Unhappily Ever After was one of the four sitcoms that aired as part of the original Wednesday night two-hour lineup that helped launch The WB network (along with The Wayans Bros., The Parent 'Hood and the short-lived Muscle).

===Theme song and opening sequence===
When the show first began its run, the original opening started with the "wedding photo" (even though they are moving in it) of the Malloys, with their smiles fading, and showed clips of the father leaving and walking through the slum to his new place. While walking, a man runs by him holding a TV, chased by another man who stops, takes a shooting stance, and fires a gun at the thief. The next clip shows the father as he walks past the first man lying face down, TV near his hands, as he enters his apartment. The theme song played over the opening was Bobcat Goldthwait (and possibly others) singing "We married young, because of cupid. And had three kids, but we were stupid. She kicked me out, she's not my honey. But she still wants me, when she needs money. Now I'm alone, come rain or sunny. But who needs love? I've got my bunny." In the final scene of the final episode, this is the song Jack sings with Mr. Floppy, but with slightly modified lyrics. "I married young, because of cupid. And had three kids, but you were stupid. I could've been rich, instead I'm a loser. But at least we're happy, 'cause you're a boozer. Now I'm alone, come rain or sunny. But who needs love? I've got my bunny."

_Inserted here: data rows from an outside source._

(* Let $R$ be a partially ordered commutative ring. Then $\mathrm{O}_{q<\infty}\cap\mathrm{O}_{s<\infty}=\mathrm{O}_{qs<\infty}$ for all $q,s\in\mathrm{Loc}(R)$, and $\mathrm{O}_{1<\infty}=\mathcal{K}(R)$; hence $\mathcal{D}_{\mathrm{loc}}(R)=\{\mathrm{O}_{s<\infty}:s\in\mathrm{Loc}(R)\}$ is an admissible set of domains on $\mathcal{K}(R)$.
   Context: Rings are commutative with unit; ring morphisms are unital. A partially ordered commutative ring is a commutative ring $R$ with partial order $\le$, $r\le s\Rightarrow r+t\le s+t$, positive cone $R^+$ closed under multiplication and containing all squares. $\mathbb{N}_0=\{0,1,2,\dots\}$. $\mathrm{Loc}(R)$ is the set of $s\in1+R^+$ such that $rs\in R^+$ implies $r\in R^+$ for all $r\in R$ (it is closed under multiplication). $R_{\mathrm{loc}}$: fractions $r/s$ ($r\in R$, $s\in\mathrm{Loc}(R)$), $r/s=r'/s'$ iff $rs'=r's$, ordered by $p/q\le r/s$ iff $ps\le rq$. $R^{\mathrm{bd}}_{\mathrm{loc}}=\{a:\exists n\in\mathbb{N}_0,\ -n\le a\le n\}$. $\mathcal{K}(R)$: ring morphisms $\varphi\colon R^{\mathrm{bd}}_{\mathrm{loc}}\to\mathbb{R}$ with $\varphi(a)\ge0$ for $a\ge0$, with the weak-$*$ topology (generated by $\{\varphi:\varphi(a)\in V\}$, $V\subseteq\mathbb{R}$ open). For $s\in\mathrm{Loc}(R)$, $\mathrm{O}_{s<\infty}=\{\varphi\in\mathcal{K}(R):\varphi(1/s)>0\}$. An admissible set of domains on a topological space $Y$ is a set of open subsets containing $Y$ and closed under pairwise intersections. *)

theory Defs
  imports "HOL-Analysis.Analysis"
begin

definition pocr :: "('a::comm_ring_1 \<Rightarrow> 'a \<Rightarrow> bool) \<Rightarrow> bool" where
  "pocr le \<longleftrightarrow>
     (\<forall>r. le r r) \<and>
     (\<forall>r s. le r s \<and> le s r \<longrightarrow> r = s) \<and>
     (\<forall>r s t. le r s \<and> le s t \<longrightarrow> le r t) \<and>
     (\<forall>r s t. le r s \<longrightarrow> le (r + t) (s + t)) \<and>
     (\<forall>r s. le 0 r \<and> le 0 s \<longrightarrow> le 0 (r * s)) \<and>
     (\<forall>r. le 0 (r * r))"

definition pos_cone :: "('a::comm_ring_1 \<Rightarrow> 'a \<Rightarrow> bool) \<Rightarrow> 'a set" where
  "pos_cone le = {r. le 0 r}"

definition Loc :: "('a::comm_ring_1 \<Rightarrow> 'a \<Rightarrow> bool) \<Rightarrow> 'a set" where
  "Loc le = {s. s - 1 \<in> pos_cone le \<and> (\<forall>r. r * s \<in> pos_cone le \<longrightarrow> r \<in> pos_cone le)}"

text \<open>Elements of R_loc are represented by pairs (r, s) standing for the fraction r/s,
  with s in Loc(R); two pairs represent the same fraction iff r s' = r' s.\<close>
definition frac :: "('a::comm_ring_1 \<Rightarrow> 'a \<Rightarrow> bool) \<Rightarrow> ('a \<times> 'a) set" where
  "frac le = {(r, s). s \<in> Loc le}"

definition frac_eq :: "'a::comm_ring_1 \<times> 'a \<Rightarrow> 'a \<times> 'a \<Rightarrow> bool" where
  "frac_eq p q \<longleftrightarrow> fst p * snd q = fst q * snd p"

definition frac_le :: "('a::comm_ring_1 \<Rightarrow> 'a \<Rightarrow> bool) \<Rightarrow> 'a \<times> 'a \<Rightarrow> 'a \<times> 'a \<Rightarrow> bool" where
  "frac_le le p q \<longleftrightarrow> le (fst p * snd q) (fst q * snd p)"

definition frac_add :: "'a::comm_ring_1 \<times> 'a \<Rightarrow> 'a \<times> 'a \<Rightarrow> 'a \<times> 'a" where
  "frac_add p q = (fst p * snd q + fst q * snd p, snd p * snd q)"

definition frac_mul :: "'a::comm_ring_1 \<times> 'a \<Rightarrow> 'a \<times> 'a \<Rightarrow> 'a \<times> 'a" where
  "frac_mul p q = (fst p * fst q, snd p * snd q)"

text \<open>Representatives of the bounded part R_loc^bd: -n \<le> a \<le> n for some n in N_0
  (the integer n is the fraction n/1).\<close>
definition bd_frac :: "('a::comm_ring_1 \<Rightarrow> 'a \<Rightarrow> bool) \<Rightarrow> ('a \<times> 'a) set" where
  "bd_frac le = {p \<in> frac le. \<exists>n::nat.
       frac_le le (- of_nat n, 1) p \<and> frac_le le p (of_nat n, 1)}"

text \<open>K(R): positive unital ring morphisms R_loc^bd \<rightarrow> \<real>, represented as functions on
  representing pairs that respect equality of fractions; they are taken to be 0 outside the
  representatives of R_loc^bd so that each morphism corresponds to exactly one function.\<close>
definition Kspec :: "('a::comm_ring_1 \<Rightarrow> 'a \<Rightarrow> bool) \<Rightarrow> ('a \<times> 'a \<Rightarrow> real) set" where
  "Kspec le = {\<phi>.
     (\<forall>p. p \<notin> bd_frac le \<longrightarrow> \<phi> p = 0) \<and>
     (\<forall>p\<in>bd_frac le. \<forall>q\<in>bd_frac le. frac_eq p q \<longrightarrow> \<phi> p = \<phi> q) \<and>
     \<phi> (1, 1) = 1 \<and>
     (\<forall>p\<in>bd_frac le. \<forall>q\<in>bd_frac le. \<phi> (frac_add p q) = \<phi> p + \<phi> q) \<and>
     (\<forall>p\<in>bd_frac le. \<forall>q\<in>bd_frac le. \<phi> (frac_mul p q) = \<phi> p * \<phi> q) \<and>
     (\<forall>p\<in>bd_frac le. frac_le le (0, 1) p \<longrightarrow> \<phi> p \<ge> 0)}"

definition Ktop :: "('a::comm_ring_1 \<Rightarrow> 'a \<Rightarrow> bool) \<Rightarrow> ('a \<times> 'a \<Rightarrow> real) topology" where
  "Ktop le = topology_generated_by
     {{\<phi> \<in> Kspec le. \<phi> p \<in> V} | p V. p \<in> bd_frac le \<and> open V}"

definition Ofin :: "('a::comm_ring_1 \<Rightarrow> 'a \<Rightarrow> bool) \<Rightarrow> 'a \<Rightarrow> ('a \<times> 'a \<Rightarrow> real) set" where
  "Ofin le s = {\<phi> \<in> Kspec le. \<phi> (1, s) > 0}"

definition Dloc :: "('a::comm_ring_1 \<Rightarrow> 'a \<Rightarrow> bool) \<Rightarrow> ('a \<times> 'a \<Rightarrow> real) set set" where
  "Dloc le = Ofin le ` Loc le"

definition admissible_domains :: "'b topology \<Rightarrow> 'b set set \<Rightarrow> bool" where
  "admissible_domains Y D \<longleftrightarrow>
     (\<forall>U\<in>D. openin Y U) \<and> topspace Y \<in> D \<and> (\<forall>U\<in>D. \<forall>V\<in>D. U \<inter> V \<in> D)"

end

theory Submission
  imports Defs
begin

text \<open>Since every s \<in> Loc(R) satisfies s \<ge> 1, the fraction 1/s lies between 0 and 1, so it belongs
  to R_loc^bd and every \<phi> \<in> K(R) gives \<phi>(1/s) \<ge> 0. Multiplicativity gives
  \<phi>(1/(qs)) = \<phi>(1/q) \<phi>(1/s), and a product of two nonnegative reals is positive iff both
  factors are; with \<phi>(1/1) = 1 this yields the two identities. Each O_{s<\<infinity>} is a subbasic open
  set {\<phi>. \<phi>(1/s) \<in> ]0,\<infinity>[} of the weak-* topology, and Loc(R) contains 1 and is closed under
  multiplication, so D_loc(R) is admissible.\<close>

lemma pocr_trans: "pocr le \<Longrightarrow> le r s \<Longrightarrow> le s t \<Longrightarrow> le r t"
  unfolding pocr_def by blast

lemma pocr_add_right: "pocr le \<Longrightarrow> le r s \<Longrightarrow> le (r + t) (s + t)"
  unfolding pocr_def by blast

lemma pocr_mult_nonneg: "pocr le \<Longrightarrow> le 0 r \<Longrightarrow> le 0 s \<Longrightarrow> le 0 (r * s)"
  unfolding pocr_def by blast

lemma pocr_zero_le_one: "pocr le \<Longrightarrow> le 0 1"
  unfolding pocr_def by (metis mult_1)

lemma pocr_add_nonneg:
  assumes "pocr le" "le 0 r" "le 0 s"
  shows "le 0 (r + s)"
proof -
  have "le s (r + s)" using pocr_add_right[OF assms(1,2), of s] by simp
  with pocr_trans[OF assms(1,3)] show ?thesis .
qed

lemma pocr_le_iff_diff_nonneg:
  assumes "pocr le"
  shows "le r s \<longleftrightarrow> le 0 (s - r)"
  using pocr_add_right[OF assms, of r s "- r"] pocr_add_right[OF assms, of 0 "s - r" r] by auto

lemma Loc_one:
  assumes "pocr le"
  shows "1 \<in> Loc le"
proof -
  have "le 0 0" using assms unfolding pocr_def by blast
  then show ?thesis unfolding Loc_def pos_cone_def by simp
qed

lemma Loc_mult:
  assumes "pocr le" "q \<in> Loc le" "s \<in> Loc le"
  shows "q * s \<in> Loc le"
proof -
  have q: "le 0 (q - 1)" and s: "le 0 (s - 1)"
    using assms(2,3) unfolding Loc_def pos_cone_def by auto
  have "le 0 ((q - 1) * (s - 1) + ((q - 1) + (s - 1)))"
    using pocr_add_nonneg[OF assms(1) pocr_mult_nonneg[OF assms(1) q s]
        pocr_add_nonneg[OF assms(1) q s]] .
  also have "(q - 1) * (s - 1) + ((q - 1) + (s - 1)) = q * s - 1"
    by (simp add: algebra_simps)
  finally have "le 0 (q * s - 1)" .
  moreover have "r \<in> pos_cone le" if "(r * q) * s \<in> pos_cone le" for r
    using that assms(2,3) unfolding Loc_def by blast
  ultimately show ?thesis
    unfolding Loc_def pos_cone_def by (simp add: mult.assoc)
qed

lemma Loc_ge_one:
  assumes "pocr le" "s \<in> Loc le"
  shows "le 1 s"
  using assms(2) pocr_le_iff_diff_nonneg[OF assms(1), of 1 s]
  unfolding Loc_def pos_cone_def by simp

lemma frac_le_zero_inverse:
  assumes "pocr le"
  shows "frac_le le (0, 1) (1, s)"
  unfolding frac_le_def using pocr_zero_le_one[OF assms] by simp

lemma inverse_in_bd_frac:
  assumes "pocr le" "s \<in> Loc le"
  shows "(1, s) \<in> bd_frac le"
proof -
  have "le 1 s" using Loc_ge_one[OF assms] .
  moreover have "le 0 s"
    using pocr_trans[OF assms(1) pocr_zero_le_one[OF assms(1)] \<open>le 1 s\<close>] .
  then have "le 0 (1 + s)"
    by (rule pocr_add_nonneg[OF assms(1) pocr_zero_le_one[OF assms(1)]])
  then have "le (- s) 1"
    using pocr_le_iff_diff_nonneg[OF assms(1), of "- s" 1] by simp
  ultimately have "frac_le le (- of_nat 1, 1) (1, s) \<and> frac_le le (1, s) (of_nat 1, 1)"
    unfolding frac_le_def by simp
  with assms(2) show ?thesis
    unfolding bd_frac_def frac_def by blast
qed

lemma Kspec_one: "\<phi> \<in> Kspec le \<Longrightarrow> \<phi> (1, 1) = 1"
  unfolding Kspec_def by blast

lemma Kspec_mult:
  "\<phi> \<in> Kspec le \<Longrightarrow> p \<in> bd_frac le \<Longrightarrow> q \<in> bd_frac le \<Longrightarrow> \<phi> (frac_mul p q) = \<phi> p * \<phi> q"
  unfolding Kspec_def by blast

lemma Kspec_nonneg:
  "\<phi> \<in> Kspec le \<Longrightarrow> p \<in> bd_frac le \<Longrightarrow> frac_le le (0, 1) p \<Longrightarrow> \<phi> p \<ge> 0"
  unfolding Kspec_def by blast

lemma Kspec_inverse_nonneg:
  assumes "pocr le" "s \<in> Loc le" "\<phi> \<in> Kspec le"
  shows "\<phi> (1, s) \<ge> 0"
  using Kspec_nonneg[OF assms(3) inverse_in_bd_frac[OF assms(1,2)]
      frac_le_zero_inverse[OF assms(1)]] .

lemma Kspec_inverse_mult:
  assumes "pocr le" "q \<in> Loc le" "s \<in> Loc le" "\<phi> \<in> Kspec le"
  shows "\<phi> (1, q * s) = \<phi> (1, q) * \<phi> (1, s)"
  using Kspec_mult[OF assms(4) inverse_in_bd_frac[OF assms(1,2)] inverse_in_bd_frac[OF assms(1,3)]]
  by (simp add: frac_mul_def)

lemma Ofin_Int:
  assumes "pocr le" "q \<in> Loc le" "s \<in> Loc le"
  shows "Ofin le q \<inter> Ofin le s = Ofin le (q * s)"
proof -
  have "\<phi> (1, q) > 0 \<and> \<phi> (1, s) > 0 \<longleftrightarrow> \<phi> (1, q * s) > 0" if "\<phi> \<in> Kspec le" for \<phi>
  proof -
    have "\<phi> (1, q) \<ge> 0" "\<phi> (1, s) \<ge> 0"
      using Kspec_inverse_nonneg[OF assms(1) _ that] assms(2,3) by auto
    then show ?thesis
      unfolding Kspec_inverse_mult[OF assms that] by (auto simp: zero_less_mult_iff)
  qed
  then show ?thesis
    unfolding Ofin_def by blast
qed

lemma Ofin_one: "Ofin le 1 = Kspec le"
  unfolding Ofin_def using Kspec_one by fastforce

lemma openin_Ktop_Ofin:
  assumes "pocr le" "s \<in> Loc le"
  shows "openin (Ktop le) (Ofin le s)"
proof -
  have "Ofin le s = {\<phi> \<in> Kspec le. \<phi> (1, s) \<in> {0<..}}"
    unfolding Ofin_def by simp
  then have "Ofin le s \<in> {{\<phi> \<in> Kspec le. \<phi> p \<in> V} | p V. p \<in> bd_frac le \<and> open V}"
    using inverse_in_bd_frac[OF assms] open_greaterThan by blast
  then show ?thesis
    unfolding Ktop_def by (rule topology_generated_by_Basis)
qed

lemma topspace_Ktop:
  assumes "pocr le"
  shows "topspace (Ktop le) = Kspec le"
proof -
  have "Kspec le = {\<phi> \<in> Kspec le. \<phi> (1, 1) \<in> UNIV}" by simp
  then have "Kspec le \<in> {{\<phi> \<in> Kspec le. \<phi> p \<in> V} | p V. p \<in> bd_frac le \<and> open V}"
    using inverse_in_bd_frac[OF assms Loc_one[OF assms]] by blast
  then show ?thesis
    unfolding Ktop_def topology_generated_by_topspace by blast
qed

lemma admissible_domains_Dloc:
  assumes "pocr le"
  shows "admissible_domains (Ktop le) (Dloc le)"
  unfolding admissible_domains_def Dloc_def
proof (intro conjI)
  show "\<forall>U\<in>Ofin le ` Loc le. openin (Ktop le) U"
    using openin_Ktop_Ofin[OF assms] by blast
  have "Ofin le 1 \<in> Ofin le ` Loc le"
    using Loc_one[OF assms] by (rule imageI)
  then show "topspace (Ktop le) \<in> Ofin le ` Loc le"
    by (simp add: topspace_Ktop[OF assms] Ofin_one)
  show "\<forall>U\<in>Ofin le ` Loc le. \<forall>V\<in>Ofin le ` Loc le. U \<inter> V \<in> Ofin le ` Loc le"
    by (auto simp: Ofin_Int[OF assms] Loc_mult[OF assms] simp del: Int_iff)
qed

theorem proposition23:
  fixes le :: "'a::comm_ring_1 \<Rightarrow> 'a \<Rightarrow> bool"
  assumes "pocr le"
  shows "(\<forall>q\<in>Loc le. \<forall>s\<in>Loc le. Ofin le q \<inter> Ofin le s = Ofin le (q * s))
         \<and> Ofin le 1 = Kspec le
         \<and> admissible_domains (Ktop le) (Dloc le)"
  using Ofin_Int[OF assms] Ofin_one admissible_domains_Dloc[OF assms] by blast

end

Beginning with the second season, the series' theme song was "Hit the Road Jack" by Ray Charles; the song is a reference to Jennie kicking Jack out of the house. The opening is a sequence of bizarre events from the first season and the male vocals are lip-synced by Floppy while the female vocals are lip-synced by Jennie, Tiffany and Maureen for seasons 1 and 2, Jennie and Tiffany for seasons 3 and 4, and Tiffany, Jack, Ryan and Ross for season 5. In reruns and syndication, the season 1 opening was replaced with the "Hit The Road Jack" opening with clips from the show.